[The input]
lemma card_low_padded_loss_le:
  assumes G: "simple_graph V E" and deg: "\<forall>u\<in>V. degree V E u \<le> D" and D: "1 \<le> D"
  shows "card {w\<in>V. padded_loss D V E w < 4 * real t} \<le> (D + 1) ^ (2 * t) + 4 * t"
proof -
  note graph = simple_graphD[OF G]
  define S where "S = {w\<in>V. padded_loss D V E w < 4 * real t}"
  have S_loss: "mostar_loss V E w < 4 * real t" if "w \<in> S" for w
    using that deg mostar_loss_le_padded_loss[of V E w D] by (auto simp: S_def)
  have "card S \<le> card V" using graph(1) by (intro card_mono) (auto simp: S_def)
  consider "S = {}" | "card V < 4 * t" | w0 where "w0 \<in> S" "4 * t \<le> card V"
    by (meson all_not_in_conv not_less)
  then have "card S \<le> (D + 1) ^ (2 * t) + 4 * t"
  proof cases
    case 3
    define U where "U = {r\<in>S. gdist E w0 r = \<infinity>}"
    have "S \<subseteq> {x\<in>V. gdist E w0 x \<le> enat (2 * t)} \<union> U"
    proof
      fix r assume r: "r \<in> S"
      show "r \<in> {x\<in>V. gdist E w0 x \<le> enat (2 * t)} \<union> U"
      proof (cases "gdist E w0 r")
        case (enat k)
        have "4 * real k < 4 * real (2 * t)"
          using mostar_loss_add_ge_gdist[OF G enat] S_loss[OF r] S_loss[OF 3(1)] by simp
        then show ?thesis using r enat by (simp add: S_def)
      next
        case infinity
        then show ?thesis using r by (simp add: U_def)
      qed
    qed
    then have "card S \<le> card ({x\<in>V. gdist E w0 x \<le> enat (2 * t)} \<union> U)"
      using graph(1) by (intro card_mono) (auto simp: U_def S_def)
    also have "\<dots> \<le> card {x\<in>V. gdist E w0 x \<le> enat (2 * t)} + card U" by (rule card_Un_le)
    also have "\<dots> \<le> (D + 1) ^ (2 * t) + card U" using card_ball_le[OF G deg] by simp
    also have "card U \<le> 4 * t"
    proof -
      have "1 \<le> degree V E r" if "r \<in> U" for r
      proof -
        have "(real D - real (degree V E r)) * real (card V) < 1 * real (card V)"
          using that 3(2) mostar_loss_nonneg[of V E r]
          by (simp add: U_def S_def padded_loss_def)
        then have "real D - real (degree V E r) < 1" by (rule mult_right_less_imp_less) simp
        then have "real D < real (degree V E r + 1)" by simp
        then show ?thesis using D by linarith
      qed
      then have "real (card U) \<le> (\<Sum>r\<in>U. real (degree V E r))"
        using sum_mono[of U "\<lambda>_. 1::real"] by force
      also have "\<dots> \<le> (\<Sum>u\<in>{u\<in>V. gdist E w0 u = \<infinity>}. real (degree V E u))"
        using graph(1) by (intro sum_mono2) (auto simp: U_def S_def)
      also have "\<dots> \<le> mostar_loss V E w0" by (rule sum_degree_unreachable_le_mostar_loss[OF G])
      also have "\<dots> < 4 * real t" using S_loss[OF 3(1)] .
      finally show ?thesis by simp
    qed
    finally show ?thesis by simp
  qed (use \<open>card S \<le> card V\<close> in auto)
  then show ?thesis by (simp add: S_def)
qed

lemma mostar_le_gap:
  assumes G: "simple_graph V E" and deg: "\<forall>u\<in>V. degree V E u \<le> D" and "1 \<le> D"
  shows "mostar V E \<le> real D / 2 * real (card V) ^ 2
    - 2 * real t * (real (card V) - real ((D + 1) ^ (2 * t)) - 4 * real t)"
proof -
  note graph = simple_graphD[OF G]
  define S where "S = {w\<in>V. padded_loss D V E w < 4 * real t}"
  have "S \<subseteq> V" by (auto simp: S_def)
  have padded_nonneg: "0 \<le> padded_loss D V E w" if "w \<in> V" for w
    using that deg mostar_loss_nonneg[of V E w] mostar_loss_le_padded_loss[of V E w D] by force
  have "4 * real t * (real (card V) - real (card S)) = (\<Sum>w\<in>V - S. 4 * real t)"
    using graph(1) \<open>S \<subseteq> V\<close> by (simp add: card_Diff_subset card_mono finite_subset of_nat_diff)
  also have "\<dots> \<le> (\<Sum>w\<in>V - S. padded_loss D V E w)" by (intro sum_mono) (auto simp: S_def)
  also have "\<dots> \<le> (\<Sum>w\<in>V. padded_loss D V E w)"
    using graph(1) padded_nonneg by (intro sum_mono2) auto
  finally have sum_ge: "4 * real t * (real (card V) - real (card S)) \<le> (\<Sum>w\<in>V. padded_loss D V E w)" .
  have "real (card S) \<le> real ((D + 1) ^ (2 * t)) + 4 * real t"
    using card_low_padded_loss_le[OF assms, of t] unfolding S_def by linarith
  then have "4 * real t * (real (card V) - real ((D + 1) ^ (2 * t)) - 4 * real t)
      \<le> 4 * real t * (real (card V) - real (card S))"
    by (intro mult_left_mono) auto
  then show ?thesis using two_mostar_eq_padded[OF graph(1), of E D] sum_ge by linarith
qed

lemma gap_at_logarithmic_scale:
  fixes x :: real
  assumes D: "2 \<le> D" and x: "1 \<le> x" "ln x \<le> x - sqrt x"
  defines "t \<equiv> nat \<lfloor>ln x / (4 * ln (real D + 1))\<rfloor>"
  shows "2 * (ln x / (4 * ln (real D + 1)) - 1) * (x - sqrt x - ln x)
    \<le> 2 * real t * (x - real ((D + 1) ^ (2 * t)) - 4 * real t)"
proof -
  define A where "A = ln (real D + 1)"
  have "ln (exp 1) \<le> A"
    unfolding A_def using exp_le D by (subst ln_le_cancel_iff) auto
  then have A: "1 \<le> A" by simp
  have "0 \<le> ln x / (4 * A)" using x A by simp
  then have t_floor: "real t = of_int \<lfloor>ln x / (4 * A)\<rfloor>" by (simp add: t_def A_def)
  have t_lower: "ln x / (4 * A) - 1 \<le> real t"
    using t_floor real_of_int_floor_add_one_gt[of "ln x / (4 * A)"] by linarith
  have "real t \<le> ln x / (4 * A)" using t_floor by simp
  then have "4 * real t * A \<le> ln x" using A by (simp add: pos_le_divide_eq mult_ac)
  moreover have "4 * real t * 1 \<le> 4 * real t * A" using A by (intro mult_left_mono) simp_all
  ultimately have four_t: "4 * real t \<le> ln x" by linarith
  have "ln (real (D + 1) ^ (4 * t)) \<le> ln x"
    using \<open>4 * real t * A \<le> ln x\<close> by (simp add: ln_realpow A_def add.commute)
  then have "real (D + 1) ^ (4 * t) \<le> x" using x by simp
  then have "real ((D + 1) ^ (2 * t)) ^ 2 \<le> x" by (simp flip: power_mult)
  then have "real ((D + 1) ^ (2 * t)) \<le> sqrt x" by (rule real_le_rsqrt)
  then have gap_le: "x - sqrt x - ln x \<le> x - real ((D + 1) ^ (2 * t)) - 4 * real t"
    using four_t by linarith
  have gap_nonneg: "0 \<le> x - sqrt x - ln x" using x by linarith
  have "2 * (ln x / (4 * A) - 1) * (x - sqrt x - ln x) \<le> 2 * real t * (x - sqrt x - ln x)"
    using t_lower gap_nonneg by (intro mult_right_mono) simp_all
  also have "\<dots> \<le> 2 * real t * (x - real ((D + 1) ^ (2 * t)) - 4 * real t)"
    using gap_le by (intro mult_left_mono) simp_all
  finally show ?thesis unfolding A_def .
qed

lemma mostar_le_log_gap:
  assumes G: "simple_graph V E" and deg: "\<forall>u\<in>V. degree V E u \<le> D" and D: "2 \<le> D"
    and n: "1 \<le> card V" "ln (card V) \<le> card V - sqrt (card V)"
  shows "mostar V E \<le> real D / 2 * real (card V) ^ 2
    - 2 * (ln (card V) / (4 * ln (real D + 1)) - 1) * (card V - sqrt (card V) - ln (card V))"
  using mostar_le_gap[OF G deg, of "nat \<lfloor>ln (card V) / (4 * ln (real D + 1))\<rfloor>"]
    gap_at_logarithmic_scale[OF D, of "card V"] D n
  by simp

theorem theorem2:
  fixes \<Delta> :: nat
  assumes "\<Delta> \<ge> 3"
  shows "\<exists>\<epsilon> :: nat \<Rightarrow> real. \<epsilon> \<longlonglongrightarrow> 0 \<and>
    (\<forall>(n::nat) (V::nat set) E. n \<ge> 3 \<longrightarrow> simple_graph V E \<longrightarrow> card V = n \<longrightarrow>
       (\<forall>u\<in>V. degree V E u \<le> \<Delta>) \<longrightarrow>
       mostar V E \<le> real \<Delta> / 2 * real n ^ 2
         - (2 - \<epsilon> n) * (real \<Delta> - 2) / (real \<Delta> - 1) ^ 2 * real n
           * log (real \<Delta> - 1) (log (real \<Delta> - 1) (real n)))"
proof -
  define gap where "gap n = 2 * (ln n / (4 * ln (real \<Delta> + 1)) - 1) * (n - sqrt n - ln n)"
    for n :: nat
  define good where "good n \<longleftrightarrow> 1 \<le> n \<and> ln n \<le> n - sqrt n \<and>
    2 * (real \<Delta> - 2) / (real \<Delta> - 1) ^ 2 * n * log (real \<Delta> - 1) (log (real \<Delta> - 1) n) \<le> gap n"
    for n :: nat
  define \<epsilon> where "\<epsilon> n = (if good n then 0 else 2 :: real)" for n
  have "0 < ln (real \<Delta> + 1)" "1 < real \<Delta> - 1" using assms by simp_all
  then have "eventually good sequentially"
    unfolding good_def gap_def by (intro eventually_conj) real_asymp+
  then have "\<epsilon> \<longlonglongrightarrow> 0"
    by (intro tendsto_eventually) (simp add: eventually_mono \<epsilon>_def)
  moreover have "mostar V E \<le> real \<Delta> / 2 * real n ^ 2
         - (2 - \<epsilon> n) * (real \<Delta> - 2) / (real \<Delta> - 1) ^ 2 * real n
           * log (real \<Delta> - 1) (log (real \<Delta> - 1) (real n))"
    if G: "simple_graph V E" and n: "card V = n" and deg: "\<forall>u\<in>V. degree V E u \<le> \<Delta>"
    for n and V :: "nat set" and E
  proof (cases "good n")
    case True
    then show ?thesis
      using mostar_le_log_gap[OF G deg] n assms by (simp add: \<epsilon>_def good_def gap_def)
  next
    case False
    then show ?thesis using mostar_le_gap[OF G deg, of 0] n assms by (simp add: \<epsilon>_def)
  qed
  ultimately show ?thesis by blast
qed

[What the task requires] Using the records above, set down exactly the lines from the one with "(card V) \<le>" through the one with "real. \<epsilon> \<longlonglongrightarrow> 0 \<and>", inclusive, and nothing more.

[Answer area]
    and n: "1 \<le> card V" "ln (card V) \<le> card V - sqrt (card V)"
  shows "mostar V E \<le> real D / 2 * real (card V) ^ 2
    - 2 * (ln (card V) / (4 * ln (real D + 1)) - 1) * (card V - sqrt (card V) - ln (card V))"
  using mostar_le_gap[OF G deg, of "nat \<lfloor>ln (card V) / (4 * ln (real D + 1))\<rfloor>"]
    gap_at_logarithmic_scale[OF D, of "card V"] D n
  by simp

theorem theorem2:
  fixes \<Delta> :: nat
  assumes "\<Delta> \<ge> 3"
  shows "\<exists>\<epsilon> :: nat \<Rightarrow> real. \<epsilon> \<longlonglongrightarrow> 0 \<and>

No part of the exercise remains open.